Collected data

..............................

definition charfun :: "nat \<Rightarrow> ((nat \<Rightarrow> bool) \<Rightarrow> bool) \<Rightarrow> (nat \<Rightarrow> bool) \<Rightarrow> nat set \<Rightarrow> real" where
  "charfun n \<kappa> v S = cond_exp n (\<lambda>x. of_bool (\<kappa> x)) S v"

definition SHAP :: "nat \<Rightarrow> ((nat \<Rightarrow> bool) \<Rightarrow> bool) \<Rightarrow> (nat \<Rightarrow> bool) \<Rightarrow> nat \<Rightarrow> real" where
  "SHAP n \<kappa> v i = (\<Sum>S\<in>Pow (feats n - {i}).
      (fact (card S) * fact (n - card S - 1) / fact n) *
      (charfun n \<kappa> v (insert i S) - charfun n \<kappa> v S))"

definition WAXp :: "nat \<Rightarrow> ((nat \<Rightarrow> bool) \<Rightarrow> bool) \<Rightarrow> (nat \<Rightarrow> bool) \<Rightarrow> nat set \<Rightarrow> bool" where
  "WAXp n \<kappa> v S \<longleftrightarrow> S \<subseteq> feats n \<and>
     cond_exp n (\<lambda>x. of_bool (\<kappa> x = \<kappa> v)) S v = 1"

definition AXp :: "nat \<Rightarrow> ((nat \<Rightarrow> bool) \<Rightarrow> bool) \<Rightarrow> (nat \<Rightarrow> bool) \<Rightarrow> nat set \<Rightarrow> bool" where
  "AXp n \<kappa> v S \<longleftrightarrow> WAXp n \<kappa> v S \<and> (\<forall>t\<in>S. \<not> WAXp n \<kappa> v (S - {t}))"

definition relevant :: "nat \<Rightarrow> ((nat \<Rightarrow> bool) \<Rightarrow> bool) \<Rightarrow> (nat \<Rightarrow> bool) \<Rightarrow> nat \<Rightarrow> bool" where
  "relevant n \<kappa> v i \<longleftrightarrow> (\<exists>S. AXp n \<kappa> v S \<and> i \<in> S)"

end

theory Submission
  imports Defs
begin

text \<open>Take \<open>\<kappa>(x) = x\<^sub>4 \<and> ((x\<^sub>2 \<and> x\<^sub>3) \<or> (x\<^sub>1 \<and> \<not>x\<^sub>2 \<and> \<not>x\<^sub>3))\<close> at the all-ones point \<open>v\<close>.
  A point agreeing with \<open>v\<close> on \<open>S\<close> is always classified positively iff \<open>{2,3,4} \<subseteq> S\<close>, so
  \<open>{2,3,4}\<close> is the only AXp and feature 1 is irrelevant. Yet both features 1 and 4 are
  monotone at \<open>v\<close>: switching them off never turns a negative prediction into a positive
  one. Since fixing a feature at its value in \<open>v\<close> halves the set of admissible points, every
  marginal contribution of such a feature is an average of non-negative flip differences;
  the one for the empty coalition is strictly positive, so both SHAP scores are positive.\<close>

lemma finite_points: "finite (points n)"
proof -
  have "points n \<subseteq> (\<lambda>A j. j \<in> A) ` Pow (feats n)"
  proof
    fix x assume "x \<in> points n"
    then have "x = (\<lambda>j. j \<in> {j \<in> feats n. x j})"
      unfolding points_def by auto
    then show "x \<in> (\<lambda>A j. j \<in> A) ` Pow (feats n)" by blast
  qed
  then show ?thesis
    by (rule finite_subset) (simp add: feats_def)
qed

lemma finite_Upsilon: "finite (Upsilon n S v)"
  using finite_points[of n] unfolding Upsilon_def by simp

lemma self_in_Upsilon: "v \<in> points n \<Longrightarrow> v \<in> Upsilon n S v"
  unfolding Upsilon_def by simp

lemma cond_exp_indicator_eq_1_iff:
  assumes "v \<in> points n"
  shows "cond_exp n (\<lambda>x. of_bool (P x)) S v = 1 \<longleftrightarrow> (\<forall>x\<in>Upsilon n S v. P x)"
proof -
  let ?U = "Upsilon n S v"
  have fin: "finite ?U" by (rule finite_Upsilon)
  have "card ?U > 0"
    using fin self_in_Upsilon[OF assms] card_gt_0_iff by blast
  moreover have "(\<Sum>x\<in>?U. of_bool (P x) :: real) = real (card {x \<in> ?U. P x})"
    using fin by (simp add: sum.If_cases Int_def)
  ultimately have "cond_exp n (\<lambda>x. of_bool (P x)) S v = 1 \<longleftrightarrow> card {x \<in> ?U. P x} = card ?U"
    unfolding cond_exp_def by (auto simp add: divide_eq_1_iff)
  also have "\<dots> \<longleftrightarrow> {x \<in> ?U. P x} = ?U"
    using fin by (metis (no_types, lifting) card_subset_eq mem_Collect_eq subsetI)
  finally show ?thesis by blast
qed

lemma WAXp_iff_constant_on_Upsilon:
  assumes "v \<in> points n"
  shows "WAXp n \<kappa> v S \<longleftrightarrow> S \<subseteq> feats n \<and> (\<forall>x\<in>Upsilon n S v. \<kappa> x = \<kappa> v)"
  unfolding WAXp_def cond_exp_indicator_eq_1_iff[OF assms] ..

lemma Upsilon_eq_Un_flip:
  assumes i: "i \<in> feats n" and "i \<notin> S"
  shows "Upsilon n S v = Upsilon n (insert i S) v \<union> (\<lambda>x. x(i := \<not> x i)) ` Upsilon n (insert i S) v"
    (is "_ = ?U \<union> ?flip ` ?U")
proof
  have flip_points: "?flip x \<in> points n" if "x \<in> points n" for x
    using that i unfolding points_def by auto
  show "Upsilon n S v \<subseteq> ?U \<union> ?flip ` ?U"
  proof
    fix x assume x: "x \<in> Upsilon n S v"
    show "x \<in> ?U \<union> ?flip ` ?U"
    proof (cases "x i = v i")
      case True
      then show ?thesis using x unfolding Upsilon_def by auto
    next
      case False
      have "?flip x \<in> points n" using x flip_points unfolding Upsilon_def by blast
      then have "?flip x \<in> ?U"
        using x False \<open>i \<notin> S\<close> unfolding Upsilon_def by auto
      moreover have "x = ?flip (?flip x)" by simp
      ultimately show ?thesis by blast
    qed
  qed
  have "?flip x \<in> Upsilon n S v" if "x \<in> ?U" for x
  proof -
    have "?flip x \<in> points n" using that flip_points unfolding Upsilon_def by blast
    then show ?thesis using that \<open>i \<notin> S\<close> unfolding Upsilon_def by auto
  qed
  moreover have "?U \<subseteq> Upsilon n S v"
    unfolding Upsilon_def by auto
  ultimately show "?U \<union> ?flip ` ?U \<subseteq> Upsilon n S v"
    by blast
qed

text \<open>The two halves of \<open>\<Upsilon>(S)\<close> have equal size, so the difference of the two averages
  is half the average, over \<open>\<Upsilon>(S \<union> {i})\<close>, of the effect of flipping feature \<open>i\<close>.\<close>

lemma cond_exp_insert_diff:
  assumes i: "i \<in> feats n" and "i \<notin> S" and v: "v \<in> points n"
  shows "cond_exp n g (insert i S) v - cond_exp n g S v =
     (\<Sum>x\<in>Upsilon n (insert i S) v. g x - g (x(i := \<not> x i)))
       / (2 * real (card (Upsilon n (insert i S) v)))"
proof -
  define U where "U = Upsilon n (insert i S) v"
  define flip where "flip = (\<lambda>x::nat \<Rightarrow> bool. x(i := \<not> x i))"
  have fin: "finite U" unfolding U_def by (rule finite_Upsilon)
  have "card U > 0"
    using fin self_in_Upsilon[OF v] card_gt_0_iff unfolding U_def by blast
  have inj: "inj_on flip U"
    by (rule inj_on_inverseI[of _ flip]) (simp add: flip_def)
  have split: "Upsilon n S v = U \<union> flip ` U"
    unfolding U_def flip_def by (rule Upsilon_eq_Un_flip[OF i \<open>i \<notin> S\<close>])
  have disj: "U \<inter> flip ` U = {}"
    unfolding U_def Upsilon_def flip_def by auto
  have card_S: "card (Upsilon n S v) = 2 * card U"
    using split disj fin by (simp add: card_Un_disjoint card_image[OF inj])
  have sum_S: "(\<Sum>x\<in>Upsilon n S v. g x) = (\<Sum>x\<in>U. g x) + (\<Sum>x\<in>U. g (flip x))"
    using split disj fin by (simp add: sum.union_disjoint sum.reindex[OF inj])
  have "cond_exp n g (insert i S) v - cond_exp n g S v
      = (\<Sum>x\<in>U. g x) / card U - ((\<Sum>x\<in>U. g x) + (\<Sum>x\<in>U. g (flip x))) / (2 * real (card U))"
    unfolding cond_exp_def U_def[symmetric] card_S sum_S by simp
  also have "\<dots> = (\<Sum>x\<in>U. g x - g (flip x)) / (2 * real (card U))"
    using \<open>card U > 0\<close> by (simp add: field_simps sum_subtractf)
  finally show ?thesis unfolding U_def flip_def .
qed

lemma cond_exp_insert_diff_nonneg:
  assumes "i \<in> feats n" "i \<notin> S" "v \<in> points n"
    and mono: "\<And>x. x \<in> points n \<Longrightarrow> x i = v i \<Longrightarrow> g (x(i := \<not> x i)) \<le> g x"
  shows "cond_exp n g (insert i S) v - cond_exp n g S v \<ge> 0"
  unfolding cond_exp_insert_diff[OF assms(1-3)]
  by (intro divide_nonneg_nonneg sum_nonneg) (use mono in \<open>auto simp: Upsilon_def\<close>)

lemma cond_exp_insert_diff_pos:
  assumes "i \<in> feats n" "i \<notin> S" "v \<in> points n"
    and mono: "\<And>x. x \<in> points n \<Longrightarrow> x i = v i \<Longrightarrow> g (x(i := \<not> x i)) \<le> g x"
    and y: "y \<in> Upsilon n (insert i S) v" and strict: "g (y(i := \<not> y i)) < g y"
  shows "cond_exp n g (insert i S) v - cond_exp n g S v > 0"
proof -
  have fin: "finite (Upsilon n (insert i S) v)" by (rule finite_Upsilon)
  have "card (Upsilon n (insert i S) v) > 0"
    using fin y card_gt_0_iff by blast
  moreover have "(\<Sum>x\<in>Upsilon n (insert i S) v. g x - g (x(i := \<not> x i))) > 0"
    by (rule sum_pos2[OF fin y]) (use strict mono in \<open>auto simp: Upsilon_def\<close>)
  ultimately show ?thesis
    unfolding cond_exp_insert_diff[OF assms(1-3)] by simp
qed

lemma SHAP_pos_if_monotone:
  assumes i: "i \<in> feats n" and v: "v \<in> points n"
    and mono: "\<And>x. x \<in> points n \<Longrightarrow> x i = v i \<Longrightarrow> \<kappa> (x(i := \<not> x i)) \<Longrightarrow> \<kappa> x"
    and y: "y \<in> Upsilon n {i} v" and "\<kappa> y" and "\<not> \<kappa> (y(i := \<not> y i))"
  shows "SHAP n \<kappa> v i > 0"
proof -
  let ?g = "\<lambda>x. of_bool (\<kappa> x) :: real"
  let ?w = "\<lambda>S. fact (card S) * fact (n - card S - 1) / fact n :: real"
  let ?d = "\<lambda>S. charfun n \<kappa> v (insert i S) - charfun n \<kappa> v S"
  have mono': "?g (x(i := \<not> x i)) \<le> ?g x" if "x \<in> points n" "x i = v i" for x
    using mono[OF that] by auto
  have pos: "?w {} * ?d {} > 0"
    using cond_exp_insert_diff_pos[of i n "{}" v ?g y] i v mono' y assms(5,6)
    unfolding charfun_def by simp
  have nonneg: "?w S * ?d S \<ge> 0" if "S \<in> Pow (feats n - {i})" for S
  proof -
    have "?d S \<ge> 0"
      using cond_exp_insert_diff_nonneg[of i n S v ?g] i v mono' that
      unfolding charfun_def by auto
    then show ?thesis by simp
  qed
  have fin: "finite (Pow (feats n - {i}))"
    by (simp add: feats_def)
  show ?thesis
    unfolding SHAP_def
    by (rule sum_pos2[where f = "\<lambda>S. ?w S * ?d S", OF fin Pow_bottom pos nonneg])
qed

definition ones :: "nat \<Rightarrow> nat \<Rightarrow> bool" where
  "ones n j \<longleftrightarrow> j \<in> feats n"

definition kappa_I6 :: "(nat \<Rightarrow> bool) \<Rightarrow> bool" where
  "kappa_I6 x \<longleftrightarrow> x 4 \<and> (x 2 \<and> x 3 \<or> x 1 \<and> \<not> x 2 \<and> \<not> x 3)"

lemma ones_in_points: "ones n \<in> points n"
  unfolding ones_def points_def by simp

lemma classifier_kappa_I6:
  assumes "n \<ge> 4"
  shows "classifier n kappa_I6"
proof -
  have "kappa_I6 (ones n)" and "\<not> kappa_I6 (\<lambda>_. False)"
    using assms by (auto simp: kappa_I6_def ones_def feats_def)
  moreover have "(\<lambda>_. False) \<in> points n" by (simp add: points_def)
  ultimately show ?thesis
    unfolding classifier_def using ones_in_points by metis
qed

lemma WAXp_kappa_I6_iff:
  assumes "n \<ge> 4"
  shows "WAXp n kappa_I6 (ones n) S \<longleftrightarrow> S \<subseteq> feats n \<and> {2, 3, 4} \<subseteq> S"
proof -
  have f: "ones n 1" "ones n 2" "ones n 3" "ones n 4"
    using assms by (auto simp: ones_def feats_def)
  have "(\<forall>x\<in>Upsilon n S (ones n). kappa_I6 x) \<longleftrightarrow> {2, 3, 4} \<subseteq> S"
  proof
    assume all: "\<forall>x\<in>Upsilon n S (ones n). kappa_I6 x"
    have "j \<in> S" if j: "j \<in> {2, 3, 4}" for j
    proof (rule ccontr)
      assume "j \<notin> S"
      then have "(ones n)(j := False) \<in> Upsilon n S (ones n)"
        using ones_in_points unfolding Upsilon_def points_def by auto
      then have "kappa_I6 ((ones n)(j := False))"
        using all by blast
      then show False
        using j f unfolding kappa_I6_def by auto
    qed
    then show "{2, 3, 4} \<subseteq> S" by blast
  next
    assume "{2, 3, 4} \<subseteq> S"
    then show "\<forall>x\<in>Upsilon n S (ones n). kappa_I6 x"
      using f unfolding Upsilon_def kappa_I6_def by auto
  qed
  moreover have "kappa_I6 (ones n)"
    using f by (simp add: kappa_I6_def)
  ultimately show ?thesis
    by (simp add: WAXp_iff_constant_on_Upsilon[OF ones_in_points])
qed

..............................

- [Exercise prompt]: Where the string "disj" appears in a line of the entries, that line counts; state the total number of such lines and nothing else.

- [Task output]: 3